## [Action item]
Please restate, word for word, the lines below that begin at the one with "hist \<Rightarrow> 'a hist set" and end at the one with "e \<longleftrightarrow> (\<forall>X.". Leave out all other lines.

## [Source data]
◇ ◇ ◇

(* Let $\Gamma=\langle N,H,P,(u_i)_{i\in N}\rangle$ be an extensive game with perfect information with $N=\{1,\ldots,n\}$, and let $\mathcal{G}_\Gamma$ be the GAL-structure for $\Gamma$ described in the context. Let \[\alpha \;=\; [AG]\Big(\textstyle\bigwedge_{i\in N}\, i\rightarrow \forall v_{s_i}\big(u_i(O_h(h,v^*_{s_1},\ldots,v^*_{s_n}))\geq u_i(O_h(h,v^*_{s_1},\ldots,v_{s_i},\ldots,v^*_{s_n}))\big)\Big)\] and \[\beta \;=\; [EG]\Big( h\in O(v^*_{s_1},\ldots,v^*_{s_n}) \;\wedge\; \textstyle\bigwedge_{i\in N}\, i\rightarrow \forall v_{s_i}\big(u_i(O_h(h,v^*_{s_1},\ldots,v^*_{s_n}))\geq u_i(O_h(h,v^*_{s_1},\ldots,v_{s_i},\ldots,v^*_{s_n}))\big)\Big).\] Let $s^*=(s^*_1,\ldots,s^*_n)$ be a strategy profile and let $(\sigma_{S_i})_{i\in N}$ be valuations with $\sigma_{S_i}(v^*_{s_i})=s^*_i$ for each $i$. Then: (1) $s^*$ is a subgame perfect equilibrium of $\Gamma$ if and only if $\mathcal{G}_\Gamma,(\sigma_{S_i})\models_{\emptyset}\alpha$; (2) $s^*$ is a Nash equilibrium of $\Gamma$ if and only if $\mathcal{G}_\Gamma,(\sigma_{S_i})\models_{\emptyset}\beta$.
   Context: An extensive game with perfect information is a tuple $\langle N,H,P,(u_i)\rangle$: $N$ a set of players; $H$ a set of (finite or infinite) sequences of actions (histories) such that the empty sequence $\emptyset\in H$, $H$ is closed under taking initial segments, and if every finite initial segment of an infinite sequence is in $H$ then so is the infinite sequence. A history is terminal if it is infinite or there is no action $a$ with $(h,a)\in H$; $T$ is the set of terminal histories. $P$ assigns a player to each non-terminal history, and each $u_i:T\to U$ is a real-valued (utility) function. A strategy of player $i$ is a function assigning to each non-terminal history $h$ with $P(h)=i$ an action $a$ with $(h,a)\in H$; $S_i$ is the set of player $i$'s strategies. For a history $h$ and a profile $s=(s_1,\dots,s_n)$, $O_h(h,s_1,\ldots,s_n)$ is the terminal history obtained by starting at $h$ and letting each player follow his strategy; $O(s)=O_h(\emptyset,s)$ is the outcome. A profile $s^*$ is a subgame perfect equilibrium (SPE) if for every player $i$, every history $h\in H$ with $P(h)=i$ and every $s_i\in S_i$: $u_i(O_h(h,s^*_1,\ldots,s^*_n))\geq u_i(O_h(h,s^*_1,\ldots,s_i,\ldots,s^*_n))$. A profile $s^*$ is a Nash equilibrium (NE) if the same inequality holds for every player $i$, every $s_i\in S_i$ and every history $h$ on the path of $s^*$ (i.e. $h$ is an initial segment of $O(s^* )$) with $P(h)=i$. The GAL-structure $\mathcal{G}_\Gamma$: its states are the histories $h\in H$, the initial state is $\emptyset$; the transition (action) relation is $\mathcal{CA}=\{\langle h,(h,a)\rangle : (h,a)\in H\}$; at each state $h$ the set of players to move is $N_h=\{P(h)\}$ if $h$ is non-terminal and $N_h=\emptyset$ otherwise. It is many-sorted with sorts $H$ (domain $H$), $T$ (domain $T$), $S_i$ (domain $S_i$, the strategies of player $i$) and $U$ (utility values); the 0-ary symbol $h$ is non-rigid and at state $h_k$ denotes the history $h_k$ itself; $u_i$, $O$, $O_h$ and $\geq$ are interpreted rigidly (same at every state) as in $\Gamma$, and "$h\in O(\ldots)$" holds at a state $h_k$ iff $h_k$ is an initial segment of (lies on) the outcome $O(\ldots)$. Semantics: the atomic formula $i$ (a player) holds at state $e$ iff $i\in N_e$; $\forall v_{s_i}\varphi$ holds iff $\varphi$ holds for every value of $v_{s_i}$ in $S_i$; Boolean connectives as usual. A path from $e$ is a maximal sequence of states starting at $e$ along $\mathcal{CA}$: either infinite, or finite ending in a state with no successor. $[AG]\varphi$ holds at $e$ iff $\varphi$ holds at every state of every path from $e$; $[EG]\varphi$ holds at $e$ iff there is a path from $e$ every state of which satisfies $\varphi$. $\mathcal{G},(\sigma)\models_e\varphi$ means state $e$ satisfies $\varphi$ under valuation $\sigma$ of the free variables. *)

theory Defs
  imports Complex_Main
begin

datatype 'a hist = HFin "'a list" | HInf "nat \<Rightarrow> 'a"

definition nonterm :: "'a hist set \<Rightarrow> 'a list \<Rightarrow> bool" where
  "nonterm H h \<longleftrightarrow> HFin h \<in> H \<and> (\<exists>a. HFin (h @ [a]) \<in> H)"

definition terminal :: "'a hist set \<Rightarrow> 'a hist \<Rightarrow> bool" where
  "terminal H g \<longleftrightarrow> g \<in> H \<and> (case g of HInf _ \<Rightarrow> True | HFin h \<Rightarrow> \<not> (\<exists>a. HFin (h @ [a]) \<in> H))"

text \<open>Utilities are arbitrary real functions
  u :: nat => 'a hist => real (only their values on T matter).\<close>
definition ext_game :: "nat \<Rightarrow> 'a hist set \<Rightarrow> ('a list \<Rightarrow> nat) \<Rightarrow> bool" where
  "ext_game n H P \<longleftrightarrow>
     HFin [] \<in> H
   \<and> (\<forall>xs ys. HFin (xs @ ys) \<in> H \<longrightarrow> HFin xs \<in> H)
   \<and> (\<forall>f. HInf f \<in> H \<longleftrightarrow> (\<forall>k. HFin (map f [0..<k]) \<in> H))
   \<and> (\<forall>h. nonterm H h \<longrightarrow> P h \<in> {1..n})"

definition strategies :: "'a hist set \<Rightarrow> ('a list \<Rightarrow> nat) \<Rightarrow> nat \<Rightarrow> ('a list \<Rightarrow> 'a) set" where
  "strategies H P i = {f. \<forall>h. nonterm H h \<and> P h = i \<longrightarrow> HFin (h @ [f h]) \<in> H}"

type_synonym 'a profile = "nat \<Rightarrow> 'a list \<Rightarrow> 'a"

definition step :: "'a hist set \<Rightarrow> ('a list \<Rightarrow> nat) \<Rightarrow> 'a profile \<Rightarrow> 'a list \<Rightarrow> 'a list" where
  "step H P s h = (if nonterm H h then h @ [s (P h) h] else h)"

definition run :: "'a hist set \<Rightarrow> ('a list \<Rightarrow> nat) \<Rightarrow> 'a profile \<Rightarrow> 'a list \<Rightarrow> nat \<Rightarrow> 'a list" where
  "run H P s h k = (step H P s ^^ k) h"

definition Oh :: "'a hist set \<Rightarrow> ('a list \<Rightarrow> nat) \<Rightarrow> 'a hist \<Rightarrow> 'a profile \<Rightarrow> 'a hist" where
  "Oh H P g s = (case g of
      HInf f \<Rightarrow> HInf f
    | HFin h \<Rightarrow> (if \<exists>k. \<not> nonterm H (run H P s h k)
               then HFin (run H P s h (LEAST k. \<not> nonterm H (run H P s h k)))
               else HInf (\<lambda>j. run H P s h (Suc j) ! j)))"

definition Out :: "'a hist set \<Rightarrow> ('a list \<Rightarrow> nat) \<Rightarrow> 'a profile \<Rightarrow> 'a hist" where
  "Out H P s = Oh H P (HFin []) s"

fun init_seg :: "'a hist \<Rightarrow> 'a hist \<Rightarrow> bool" where
  "init_seg (HFin xs) (HFin ys) \<longleftrightarrow> (\<exists>zs. ys = xs @ zs)"
| "init_seg (HFin xs) (HInf f) \<longleftrightarrow> xs = map f [0..<length xs]"
| "init_seg (HInf f) (HInf g) \<longleftrightarrow> f = g"
| "init_seg (HInf f) (HFin ys) \<longleftrightarrow> False"

definition SPE :: "nat \<Rightarrow> 'a hist set \<Rightarrow> ('a list \<Rightarrow> nat) \<Rightarrow> (nat \<Rightarrow> 'a hist \<Rightarrow> real) \<Rightarrow> 'a profile \<Rightarrow> bool" where
  "SPE n H P u s \<longleftrightarrow>
     (\<forall>i\<in>{1..n}. \<forall>h. nonterm H h \<and> P h = i \<longrightarrow>
        (\<forall>t\<in>strategies H P i. u i (Oh H P (HFin h) s) \<ge> u i (Oh H P (HFin h) (s(i := t)))))"

definition NE :: "nat \<Rightarrow> 'a hist set \<Rightarrow> ('a list \<Rightarrow> nat) \<Rightarrow> (nat \<Rightarrow> 'a hist \<Rightarrow> real) \<Rightarrow> 'a profile \<Rightarrow> bool" where
  "NE n H P u s \<longleftrightarrow>
     (\<forall>i\<in>{1..n}. \<forall>h. nonterm H h \<and> P h = i \<and> init_seg (HFin h) (Out H P s) \<longrightarrow>
        (\<forall>t\<in>strategies H P i. u i (Oh H P (HFin h) s) \<ge> u i (Oh H P (HFin h) (s(i := t)))))"

definition CA :: "'a hist set \<Rightarrow> 'a hist \<Rightarrow> 'a hist \<Rightarrow> bool" where
  "CA H g g' \<longleftrightarrow> (\<exists>h a. g = HFin h \<and> g' = HFin (h @ [a]) \<and> g' \<in> H)"

definition movers :: "'a hist set \<Rightarrow> ('a list \<Rightarrow> nat) \<Rightarrow> 'a hist \<Rightarrow> nat set" where
  "movers H P g = (case g of HFin h \<Rightarrow> (if nonterm H h then {P h} else {}) | HInf _ \<Rightarrow> {})"

definition inf_path :: "'a hist set \<Rightarrow> 'a hist \<Rightarrow> (nat \<Rightarrow> 'a hist) \<Rightarrow> bool" where
  "inf_path H e p \<longleftrightarrow> p 0 = e \<and> (\<forall>k. CA H (p k) (p (Suc k)))"

definition fin_path :: "'a hist set \<Rightarrow> 'a hist \<Rightarrow> 'a hist list \<Rightarrow> bool" where
  "fin_path H e ps \<longleftrightarrow> ps \<noteq> [] \<and> hd ps = e
     \<and> (\<forall>k. Suc k < length ps \<longrightarrow> CA H (ps ! k) (ps ! Suc k))
     \<and> \<not> (\<exists>g'. CA H (last ps) g')"

definition AG :: "'a hist set \<Rightarrow> ('a hist \<Rightarrow> bool) \<Rightarrow> 'a hist \<Rightarrow> bool" where
  "AG H \<phi> e \<longleftrightarrow> (\<forall>p. inf_path H e p \<longrightarrow> (\<forall>k. \<phi> (p k)))
                \<and> (\<forall>ps. fin_path H e ps \<longrightarrow> (\<forall>x\<in>set ps. \<phi> x))"

definition EG :: "'a hist set \<Rightarrow> ('a hist \<Rightarrow> bool) \<Rightarrow> 'a hist \<Rightarrow> bool" where
  "EG H \<phi> e \<longleftrightarrow> (\<exists>p. inf_path H e p \<and> (\<forall>k. \<phi> (p k)))
                \<or> (\<exists>ps. fin_path H e ps \<and> (\<forall>x\<in>set ps. \<phi> x))"

text \<open>Semantics at state g, under valuation v*_{s_i} := s i, of the common subformula
  /\_{i in N} (i --> forall v_{s_i}. u_i(O_h(h, v*)) >= u_i(O_h(h, v*_{-i}, v_{s_i}))).\<close>
definition eq_body :: "nat \<Rightarrow> 'a hist set \<Rightarrow> ('a list \<Rightarrow> nat) \<Rightarrow> (nat \<Rightarrow> 'a hist \<Rightarrow> real)
    \<Rightarrow> 'a profile \<Rightarrow> 'a hist \<Rightarrow> bool" where
  "eq_body n H P u s g \<longleftrightarrow>
     (\<forall>i\<in>{1..n}. i \<in> movers H P g \<longrightarrow>
        (\<forall>t\<in>strategies H P i. u i (Oh H P g s) \<ge> u i (Oh H P g (s(i := t)))))"

definition sat_alpha :: "nat \<Rightarrow> 'a hist set \<Rightarrow> ('a list \<Rightarrow> nat) \<Rightarrow> (nat \<Rightarrow> 'a hist \<Rightarrow> real) \<Rightarrow> 'a profile \<Rightarrow> bool" where
  "sat_alpha n H P u s \<longleftrightarrow> AG H (eq_body n H P u s) (HFin [])"

definition sat_beta :: "nat \<Rightarrow> 'a hist set \<Rightarrow> ('a list \<Rightarrow> nat) \<Rightarrow> (nat \<Rightarrow> 'a hist \<Rightarrow> real) \<Rightarrow> 'a profile \<Rightarrow> bool" where
  "sat_beta n H P u s \<longleftrightarrow>
     EG H (\<lambda>g. init_seg g (Out H P s) \<and> eq_body n H P u s g) (HFin [])"

end

theory Submission
  imports Defs
begin

text \<open>
  The body of \<alpha> and \<beta> is trivially true at terminal and infinite histories, and at a
  non-terminal history it says exactly that the mover cannot gain by deviating there.
  So \<open>s\<close> is subgame perfect iff the body holds at every history, and a Nash equilibrium
  iff it holds along the play of \<open>s\<close>. Every history of \<open>H\<close> lies on some maximal path
  from the root (follow it, then extend arbitrarily), which gives (1). The play itself is
  a maximal path, and a maximal path all of whose states are initial segments of the play
  must visit every history of the play, since otherwise it would stop at a state that the
  play still extends; this gives (2).
\<close>

definition path_states :: "'a hist set \<Rightarrow> 'a hist \<Rightarrow> 'a hist set \<Rightarrow> bool" where
  "path_states H e X \<longleftrightarrow>
     (\<exists>p. inf_path H e p \<and> X = range p) \<or> (\<exists>ps. fin_path H e ps \<and> X = set ps)"

lemma AG_iff_path_states: "AG H \<phi> e \<longleftrightarrow> (\<forall>X. path_states H e X \<longrightarrow> (\<forall>x\<in>X. \<phi> x))"
  unfolding AG_def path_states_def by blast

lemma EG_iff_path_states: "EG H \<phi> e \<longleftrightarrow> (\<exists>X. path_states H e X \<and> (\<forall>x\<in>X. \<phi> x))"
  unfolding EG_def path_states_def by blast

◇ ◇ ◇

## [Answer below]
definition path_states :: "'a hist set \<Rightarrow> 'a hist \<Rightarrow> 'a hist set \<Rightarrow> bool" where
  "path_states H e X \<longleftrightarrow>
     (\<exists>p. inf_path H e p \<and> X = range p) \<or> (\<exists>ps. fin_path H e ps \<and> X = set ps)"

lemma AG_iff_path_states: "AG H \<phi> e \<longleftrightarrow> (\<forall>X. path_states H e X \<longrightarrow> (\<forall>x\<in>X. \<phi> x))"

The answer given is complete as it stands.